Only one query sequence is allowed per mail message and your 
sequence must be in so-called FASTA/Pearson format.  Namely, it 
includes a mandatory comment line beginning with a greater-than 
sign ">" followed by the name of the sequence, a space, and an 
optional note about the sequence.  The sequence data begin on 
the next line without the greater-than sign.  Characters except 
standard one-letter code for 20 amino acids, e.g., spaces, 
numeric, carriage returns and even X, will be removed off by 
the system.  The system is case-insensitive (lower cases will 
be changed to upper cases).  All lines of the sequence 
(including the description line) should be kept to 80 
characters or less in length.  Be careful not to include 
signature in the query mail.

The input sequence is expected to be a direct translation from 
the genetic information and to contain all information for 
sorting.  Thus, a warning message will be issued if it starts 
by an amino acid except M (methionine).


III. OUTPUT FOR BACTERIAL SEQUENCES --------------------------

Gram-positive or Gram-negative

In the current version, programs and parameters are the same 
for both kinds of bacteria.  The inner membrane in Gram-
negative bacteria is thought to be equivalent to the membrane 
of Gram-positive bacteria.  And the outside in Gram-positive 
ones is further divided into either the periplasm or the outer 
membrane in Gram-negative ones.


Recognition of Signal Sequence

In Gram-negative bacteria, most periplasmic and outer membrane 
proteins have a signal sequence (also called a leader peptide) 
in the N-terminus, which is cleaved off after the translocation 
of the cytoplasmic membrane.  Some of the cytoplasmic membrane 
proteins also have cleavable signal sequences but some N-
terminal signal sequences in the cytoplasmic membrane proteins 
are not cleaved off, remaining as transmembrane segments.

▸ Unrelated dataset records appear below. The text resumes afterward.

theorem lemma4p13:
  fixes L n :: nat and B :: "nat \<Rightarrow> nat set"
  assumes "L \<ge> 1" and "n \<ge> 1" and "B \<in> Mset L n"
  shows "rhoN L n B = foldr (\<lambda>a. estar_int L n a (L - 1)) (rev [1..<L]) B"
proof -
  obtain m where L: "L = Suc m"
    using assms(1) by (cases L) auto
  let ?rows = "concat (map (\<lambda>k. [1..<k+1]) (rev [1..<m+1]))"
  let ?cols = "concat (map (\<lambda>a. [a..<m+1]) (rev [1..<m+1]))"
  have lhs: "rhoN L n B = foldr (estar L n) ?rows B"
    unfolding rhoN_def estar_int_def foldr_concat L by (simp add: foldr_map comp_def del: upt_Suc)
  have rhs: "foldr (\<lambda>a. estar_int L n a (L - 1)) (rev [1..<L]) B = foldr (estar L n) ?cols B"
    unfolding estar_int_def foldr_concat L by (simp add: foldr_map comp_def del: upt_Suc)
  have ranges: "set ?rows \<subseteq> {1..<L}" "set ?cols \<subseteq> {1..<L}"
    unfolding L by auto
  have "cw_cells L n (foldr (estar L n) ?rows B) = cw_cells L n (foldr (estar L n) ?cols B)"
    unfolding cw_cells_foldr_estar[OF assms(3) ranges(1)] cw_cells_foldr_estar[OF assms(3) ranges(2)]
    by (rule estar_word.foldr_longest_words_eq)
  then show ?thesis
    unfolding lhs rhs using Mset_eqI foldr_estar_in_Mset assms(3) ranges by blast
qed

end
(* A closed reversible reaction network $(X,\mathscr{R})$ is free of cornucopias and abysses if and only if it is conservative.
   Context: A reaction network (RN) $(X,\mathscr{R})$ consists of a finite non-empty set $X$ of species and a finite non-empty set $\mathscr{R}$ of reactions. Each reaction $r$ is given by stoichiometric coefficients $s^-_{xr},s^+_{xr}\in\mathbb{N}_0$. The stoichiometric matrix $S\in\mathbb{Z}^{X\times\mathscr{R}}$ has entries $S_{xr}=s^+_{xr}-s^-_{xr}$. The RN is closed if every reaction $r$ has some $x$ with $S_{xr}<0$ and some $y$ with $S_{yr}>0$. The reverse $\bar r$ of $r$ has $s^-_{x\bar r}=s^+_{xr}$ and $s^+_{x\bar r}=s^-_{xr}$. The RN is reversible if $r\in\mathscr{R}$ implies $\bar r\in\mathscr{R}$. For a real vector $w$: - $w>0$ means $w$ is componentwise non-negative and nonzero; - $w<0$ means $-w>0$; - $w\gg0$ means all entries are positive. A flow $v\in\mathbb{R}^{\mathscr{R}}$ with $v>0$ is a cornucopia if $Sv>0$, and an abyss if $Sv<0$. The RN is conservative if there is $m\in\mathbb{R}^X$ with $m\gg0$ and $m^\top S=0$. *)

theory Defs
  imports Main "HOL-Analysis.Analysis"
begin

text \<open>A reaction network with finite nonempty species type 'x and finite nonempty
  reaction type 'r; reaction r has reactant coefficients sm x r and product
  coefficients sp x r.\<close>

definition stoich :: "('x \<Rightarrow> 'r \<Rightarrow> nat) \<Rightarrow> ('x \<Rightarrow> 'r \<Rightarrow> nat) \<Rightarrow> 'x \<Rightarrow> 'r \<Rightarrow> int" where
  "stoich sm sp x r = int (sp x r) - int (sm x r)"

definition closed_RN :: "('x \<Rightarrow> 'r \<Rightarrow> nat) \<Rightarrow> ('x \<Rightarrow> 'r \<Rightarrow> nat) \<Rightarrow> bool" where
  "closed_RN sm sp \<longleftrightarrow> (\<forall>r. (\<exists>x. stoich sm sp x r < 0) \<and> (\<exists>y. stoich sm sp y r > 0))"

definition is_reverse :: "('x \<Rightarrow> 'r \<Rightarrow> nat) \<Rightarrow> ('x \<Rightarrow> 'r \<Rightarrow> nat) \<Rightarrow> 'r \<Rightarrow> 'r \<Rightarrow> bool" where
  "is_reverse sm sp r r' \<longleftrightarrow> (\<forall>x. sm x r' = sp x r \<and> sp x r' = sm x r)"

definition reversible_RN :: "('x \<Rightarrow> 'r \<Rightarrow> nat) \<Rightarrow> ('x \<Rightarrow> 'r \<Rightarrow> nat) \<Rightarrow> bool" where
  "reversible_RN sm sp \<longleftrightarrow> (\<forall>r. \<exists>r'. is_reverse sm sp r r')"

definition semipos :: "('a \<Rightarrow> real) \<Rightarrow> bool" where
  "semipos w \<longleftrightarrow> (\<forall>i. w i \<ge> 0) \<and> w \<noteq> (\<lambda>_. 0)"

definition strictpos :: "('a \<Rightarrow> real) \<Rightarrow> bool" where
  "strictpos w \<longleftrightarrow> (\<forall>i. w i > 0)"

definition Smult :: "('x \<Rightarrow> 'r \<Rightarrow> nat) \<Rightarrow> ('x \<Rightarrow> 'r \<Rightarrow> nat) \<Rightarrow> ('r::finite \<Rightarrow> real) \<Rightarrow> 'x \<Rightarrow> real" where
  "Smult sm sp v x = (\<Sum>r\<in>UNIV. of_int (stoich sm sp x r) * v r)"

definition cornucopia :: "('x \<Rightarrow> 'r \<Rightarrow> nat) \<Rightarrow> ('x \<Rightarrow> 'r \<Rightarrow> nat) \<Rightarrow> ('r::finite \<Rightarrow> real) \<Rightarrow> bool" where
  "cornucopia sm sp v \<longleftrightarrow> semipos v \<and> semipos (Smult sm sp v)"

definition abyss :: "('x \<Rightarrow> 'r \<Rightarrow> nat) \<Rightarrow> ('x \<Rightarrow> 'r \<Rightarrow> nat) \<Rightarrow> ('r::finite \<Rightarrow> real) \<Rightarrow> bool" where
  "abyss sm sp v \<longleftrightarrow> semipos v \<and> semipos (\<lambda>x. - Smult sm sp v x)"

definition conservative :: "('x::finite \<Rightarrow> 'r \<Rightarrow> nat) \<Rightarrow> ('x \<Rightarrow> 'r \<Rightarrow> nat) \<Rightarrow> bool" where
  "conservative sm sp \<longleftrightarrow> (\<exists>m :: 'x \<Rightarrow> real. strictpos m \<and>
      (\<forall>r. (\<Sum>x\<in>UNIV. m x * of_int (stoich sm sp x r)) = 0))"

end

theory Submission
  imports Defs "HOL-Analysis.Analysis"
begin

text \<open>If \<open>m \<gg> 0\<close> is a conservation law, then \<open>m\<^sup>T S v = 0\<close> for every flow \<open>v\<close>, whereas
  \<open>m\<^sup>T w > 0\<close> for every \<open>w > 0\<close>; so \<open>S v\<close> is never \<open>> 0\<close> or \<open>< 0\<close>. Conversely, by
  reversibility every vector of the image of \<open>S\<close> is already \<open>S w\<close> for a nonnegative flow
  \<open>w\<close>, so the absence of cornucopias means that the image of \<open>S\<close> misses the standard simplex.
  Separating this compact convex set from the subspace by a hyperplane yields a linear
  functional which vanishes on the image of \<open>S\<close> and is negative on every unit vector; its
  negative is a strictly positive conservation law.\<close>

lemma stoich_reverse:
  assumes "is_reverse sm sp r r'"
  shows "stoich sm sp x r' = - stoich sm sp x r"
  using assms unfolding is_reverse_def stoich_def by simp

lemma sum_weighted_Smult:
  fixes v :: "'r::finite \<Rightarrow> real"
  shows "(\<Sum>x\<in>UNIV. m x * Smult sm sp v x)
           = (\<Sum>r\<in>UNIV. v r * (\<Sum>x\<in>UNIV. m x * of_int (stoich sm sp x r)))"
  unfolding Smult_def sum_distrib_left sum_distrib_right
  by (subst sum.swap) (simp add: mult_ac)

lemma sum_weighted_semipos_pos:
  fixes m w :: "'x::finite \<Rightarrow> real"
  assumes "strictpos m" and "semipos w"
  shows "0 < (\<Sum>x\<in>UNIV. m x * w x)"
proof -
  from \<open>semipos w\<close> obtain x0 where "w x0 \<noteq> 0"
    unfolding semipos_def by (auto simp: fun_eq_iff)
  with assms have "0 < m x0 * w x0"
    unfolding strictpos_def semipos_def by (simp add: order_less_le)
  with assms show ?thesis
    unfolding strictpos_def semipos_def by (intro sum_pos2[of _ x0]) (auto simp: less_imp_le)
qed

lemma conservative_imp_Smult_not_semipos:
  fixes sm sp :: "'x::finite \<Rightarrow> 'r::finite \<Rightarrow> nat"
  assumes "conservative sm sp"
  shows "\<not> semipos (\<lambda>x. c * Smult sm sp v x)"
proof
  assume semipos: "semipos (\<lambda>x. c * Smult sm sp v x)"
  from assms obtain m where "strictpos m"
    and law: "\<And>r. (\<Sum>x\<in>UNIV. m x * of_int (stoich sm sp x r)) = 0"
    unfolding conservative_def by blast
  have "(\<Sum>x\<in>UNIV. m x * (c * Smult sm sp v x)) = c * (\<Sum>x\<in>UNIV. m x * Smult sm sp v x)"
    by (simp add: sum_distrib_left mult_ac)
  also have "\<dots> = 0"
    by (simp add: sum_weighted_Smult law)
  finally show False
    using sum_weighted_semipos_pos[OF \<open>strictpos m\<close> semipos] by simp
qed

lemma conservative_imp_no_cornucopia:
  "conservative sm sp \<Longrightarrow> \<not> cornucopia sm sp v"
  using conservative_imp_Smult_not_semipos[of sm sp 1 v] unfolding cornucopia_def by simp

lemma conservative_imp_no_abyss:
  "conservative sm sp \<Longrightarrow> \<not> abyss sm sp v"
  using conservative_imp_Smult_not_semipos[of sm sp "-1" v] unfolding abyss_def by simp

text \<open>Each negative component of \<open>v\<close> is moved, with flipped sign, to the reverse reaction.\<close>

lemma reversible_Smult_nonneg_flow:
  fixes v :: "'r::finite \<Rightarrow> real"
  assumes "reversible_RN sm sp"
  obtains w where "\<And>r. 0 \<le> w r" and "Smult sm sp w = Smult sm sp v"
proof -
  from assms obtain \<rho> where \<rho>: "\<And>r. is_reverse sm sp r (\<rho> r)"
    unfolding reversible_RN_def by metis
  define w where "w r' = max (v r') 0 + (\<Sum>r | \<rho> r = r'. max (- v r) 0)" for r'
  have "0 \<le> w r" for r
    unfolding w_def by (intro add_nonneg_nonneg sum_nonneg) simp_all
  moreover have "Smult sm sp w x = Smult sm sp v x" for x
  proof -
    let ?S = "\<lambda>r. real_of_int (stoich sm sp x r)"
    have reverse_part: "(\<Sum>r'\<in>UNIV. ?S r' * (\<Sum>r | \<rho> r = r'. max (- v r) 0))
                   = (\<Sum>r\<in>UNIV. ?S (\<rho> r) * max (- v r) 0)"
    proof -
      have "(\<Sum>r'\<in>UNIV. ?S r' * (\<Sum>r | \<rho> r = r'. max (- v r) 0))
              = (\<Sum>r'\<in>UNIV. \<Sum>r | r \<in> UNIV \<and> \<rho> r = r'. ?S (\<rho> r) * max (- v r) 0)"
        by (simp add: sum_distrib_left)
      also have "\<dots> = (\<Sum>r\<in>UNIV. ?S (\<rho> r) * max (- v r) 0)"
        by (rule sum.group) simp_all
      finally show ?thesis .
    qed
    have "Smult sm sp w x = (\<Sum>r\<in>UNIV. ?S r * max (v r) 0 + ?S (\<rho> r) * max (- v r) 0)"
      unfolding Smult_def w_def distrib_left sum.distrib reverse_part ..
    also have "\<dots> = (\<Sum>r\<in>UNIV. ?S r * (max (v r) 0 - max (- v r) 0))"
      by (simp add: stoich_reverse[OF \<rho>] algebra_simps)
    also have "\<dots> = Smult sm sp v x"
      unfolding Smult_def by (intro sum.cong) (auto simp: max_def)
    finally show ?thesis .
  qed
  ultimately show ?thesis using that by blast
qed

lemma convex_hull_axes_subset:
  "convex hull (range (\<lambda>i. axis i 1))
     \<subseteq> {y :: real^'n. (\<forall>i. 0 \<le> y $ i) \<and> (\<Sum>i\<in>UNIV. y $ i) = 1}"
proof (rule hull_minimal)
  show "range (\<lambda>i. axis i 1) \<subseteq> {y :: real^'n. (\<forall>i. 0 \<le> y $ i) \<and> (\<Sum>i\<in>UNIV. y $ i) = 1}"
    by (auto simp: axis_def)
  show "convex {y :: real^'n. (\<forall>i. 0 \<le> y $ i) \<and> (\<Sum>i\<in>UNIV. y $ i) = 1}"
    unfolding convex_def by (auto simp: sum.distrib sum_distrib_left[symmetric])
qed

lemma subspace_inner_bounded_below_eq_0:
  assumes "subspace L" and bounded: "\<And>l. l \<in> L \<Longrightarrow> b < inner a l" and "l \<in> L"
  shows "inner a l = 0"
proof (rule ccontr)
  assume "inner a l \<noteq> 0"
  then have "inner a (((b - 1) / inner a l) *\<^sub>R l) = b - 1"
    by simp
  moreover have "((b - 1) / inner a l) *\<^sub>R l \<in> L"
    using \<open>subspace L\<close> \<open>l \<in> L\<close> by (rule subspace_scale)
  ultimately show False
    using bounded by fastforce
qed

text \<open>A transposition theorem of Gordan--Stiemke type.\<close>

lemma subspace_disjoint_simplex_obtains_positive_orthogonal:
  fixes L :: "(real^'n) set"
  assumes "subspace L" and "L \<inter> convex hull (range (\<lambda>i. axis i 1)) = {}"
  obtains m where "\<And>i. 0 < m $ i" and "\<And>l. l \<in> L \<Longrightarrow> inner m l = 0"
proof -
  let ?K = "convex hull (range (\<lambda>i. axis i (1::real)) :: (real^'n) set)"
  have "?K \<inter> L = {}"
    using assms(2) by blast
  then have "\<exists>a b. (\<forall>k\<in>?K. inner a k < b) \<and> (\<forall>l\<in>L. b < inner a l)"
    using \<open>subspace L\<close>
    by (intro separating_hyperplane_compact_closed)
      (simp_all add: finite_imp_compact_convex_hull subspace_imp_convex closed_subspace)
  then obtain a b where below: "\<And>k. k \<in> ?K \<Longrightarrow> inner a k < b"
    and above: "\<And>l. l \<in> L \<Longrightarrow> b < inner a l"
    by blast
  have "b < 0"
    using above[of 0] subspace_0[OF \<open>subspace L\<close>] by simp
  have "0 < (- a) $ i" for i
    using below[of "axis i 1"] \<open>b < 0\<close> by (simp add: hull_inc inner_axis)
  moreover have "inner (- a) l = 0" if "l \<in> L" for l
    using subspace_inner_bounded_below_eq_0[OF \<open>subspace L\<close> above that] by simp
  ultimately show ?thesis
    using that by blast
qed

definition stoich_map :: "('x \<Rightarrow> 'r \<Rightarrow> nat) \<Rightarrow> ('x \<Rightarrow> 'r \<Rightarrow> nat) \<Rightarrow> real^'r \<Rightarrow> real^'x"
  where "stoich_map sm sp v = (\<chi> x. Smult sm sp (($) v) x)"

lemma linear_stoich_map: "linear (stoich_map sm sp)"
  unfolding linear_iff stoich_map_def Smult_def
  by (auto simp: vec_eq_iff sum.distrib sum_distrib_left algebra_simps)

lemma stoich_map_axis: "stoich_map sm sp (axis r 1) $ x = of_int (stoich sm sp x r)"
  unfolding stoich_map_def Smult_def by (simp add: axis_def if_distrib cong: if_cong)

lemma no_cornucopia_imp_stoich_map_disjoint_simplex:
  fixes sm sp :: "'x::finite \<Rightarrow> 'r::finite \<Rightarrow> nat"
  assumes "reversible_RN sm sp" and "\<nexists>v. cornucopia sm sp v"
  shows "range (stoich_map sm sp) \<inter> convex hull (range (\<lambda>i. axis i 1)) = {}"
proof (rule ccontr)
  assume "range (stoich_map sm sp) \<inter> convex hull (range (\<lambda>i. axis i 1)) \<noteq> {}"
  then obtain v and y :: "real^'x" where y: "y = stoich_map sm sp v"
    and nonneg: "\<And>i. 0 \<le> y $ i" and sum1: "(\<Sum>i\<in>UNIV. y $ i) = 1"
    using convex_hull_axes_subset by blast
  obtain w where "\<And>r. 0 \<le> w r" and Sw: "Smult sm sp w = Smult sm sp (($) v)"
    using reversible_Smult_nonneg_flow[OF assms(1)] by blast
  have Sw_y: "Smult sm sp w = ($) y"
    unfolding Sw y stoich_map_def by (simp add: fun_eq_iff)
  have "($) y \<noteq> (\<lambda>_. 0)"
    using sum1 by auto
  moreover have "w \<noteq> (\<lambda>_. 0)"
    using Sw_y \<open>($) y \<noteq> (\<lambda>_. 0)\<close> unfolding Smult_def by auto
  ultimately have "cornucopia sm sp w"
    unfolding cornucopia_def semipos_def Sw_y using \<open>\<And>r. 0 \<le> w r\<close> nonneg by blast
  with assms(2) show False
    by blast
qed

lemma no_cornucopia_imp_conservative:
  fixes sm sp :: "'x::finite \<Rightarrow> 'r::finite \<Rightarrow> nat"
  assumes "reversible_RN sm sp" and "\<nexists>v. cornucopia sm sp v"
  shows "conservative sm sp"
proof -
  obtain m :: "real^'x" where pos: "\<And>x. 0 < m $ x"
    and orth: "\<And>l. l \<in> range (stoich_map sm sp) \<Longrightarrow> inner m l = 0"
    using subspace_disjoint_simplex_obtains_positive_orthogonal
      [OF linear_subspace_image[OF linear_stoich_map subspace_UNIV]
          no_cornucopia_imp_stoich_map_disjoint_simplex[OF assms]] by blast
  have "(\<Sum>x\<in>UNIV. m $ x * of_int (stoich sm sp x r)) = 0" for r
    using orth[of "stoich_map sm sp (axis r 1)"] by (simp add: inner_vec_def stoich_map_axis)
  with pos show ?thesis
    unfolding conservative_def strictpos_def by blast
qed

theorem theorem4:
  fixes sm sp :: "'x::finite \<Rightarrow> 'r::finite \<Rightarrow> nat"
  assumes "closed_RN sm sp"
    and "reversible_RN sm sp"
  shows "((\<nexists>v. cornucopia sm sp v) \<and> (\<nexists>v. abyss sm sp v)) \<longleftrightarrow> conservative sm sp"
  using no_cornucopia_imp_conservative[OF assms(2)]
    conservative_imp_no_cornucopia conservative_imp_no_abyss
  by blast

end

PSORT first predicts the presence of signal sequences by 
McGeoch's method (D. J. McGeoch, Virus Research, 3, 271 (1985)) 
modified by Nakai and Kanehisa, 1991.  It considers the N-
terminal basically-charged region (CR) and the central 
hydrophobic region (UR) of signal sequences.  A discriminant 
score is calculated from the three values: length  of UR, peak 
value of UR, and net charge of CR.  These results are 
summarized in "McG".  A large positive discriminant score means 
a high possibility to possess a signal sequence whether it is 
cleaved off or not.

Next, PSORT applies von Heijne's method of signal sequence 
recognition (G. von Heijne, Nucl. Acids Res., 14, 4683 (1986)).  
It is a weight-matrix method and incorporates the information 
of consensus pattern around the cleavage sites (the (-3,-1)-
rule) and thus it can be used to detect uncleavable signal 
sequences.  The output score of this "GvH" is the original 
weight-matrix score (for prokaryotes) subtracted by 7.5.  A 
large positive output means a high possibility that it has a 
cleavable signal sequence.  The position of possible cleavage 
site, i.e., the most C-terminal position of a signal sequence, 
is also reported.


Recognition of Transmembrane Segments

In general, hydrophobic transmembrane segments exist in the 
cytoplasmic membrane proteins only.  Thus, these segments can 
be regarded as the sorting signal into the cytoplasmic 
membrane.

PSORT employs Klein et al.'s method (ALOM, also called as KKD) 
to detect potential transmembrane segments (P. Klein, M. 
Kanehisa, and C. DeLisi, Biochim. Biophys. Acta, 815, 468 
(1985)).  It  attempts to identify the most probable 
transmembrane segment from the average hydrophobicity value of 
17-residue segments, if any.  It predicts whether the segment 
is a transmembrane segment (INTEGRAL) or not (PERIPHERAL) 
comparing the discriminant score (reported as 'value') with a 
threshold parameter pre-defined to 0.0 for bacteria 
('threshold').  For an integral membrane protein, position(s) 
of transmembrane segment(s) are also reported.  Their length is 
fixed to 17 but their extension, i.e., the maximal range that 
satisfies the discriminant criterion, is also given in 
parentheses.  The discrimination step mentioned above is 
continued after leaving out the segment till there remains no 
predicted transmembrane segment.  The item 'count' is the 
number of predicted transmembrane segments.


Analysis of Lipoproteins

The signal sequence of lipoproteins, i.e., proteins with a 
covalently attached lipid molecule in their mature N-terminus, 
are essentially the same as those of usual proteins except the 
region around their cleavage sites.  Thus, they can be 
recognized by the combination of McGeoch's method and the 
consensus motif around the cleavage site formulated by von 
Heijne (G. von Heijne, Protein Eng., 2, 531 (1989)).  The 
program is named as "Lipop" here.  It gives the possible 
modification site around the end position of preceding CR 
region defined in McGeoch's method for a probable lipoprotein; 
otherwise, it returns a dummy modification site, -1.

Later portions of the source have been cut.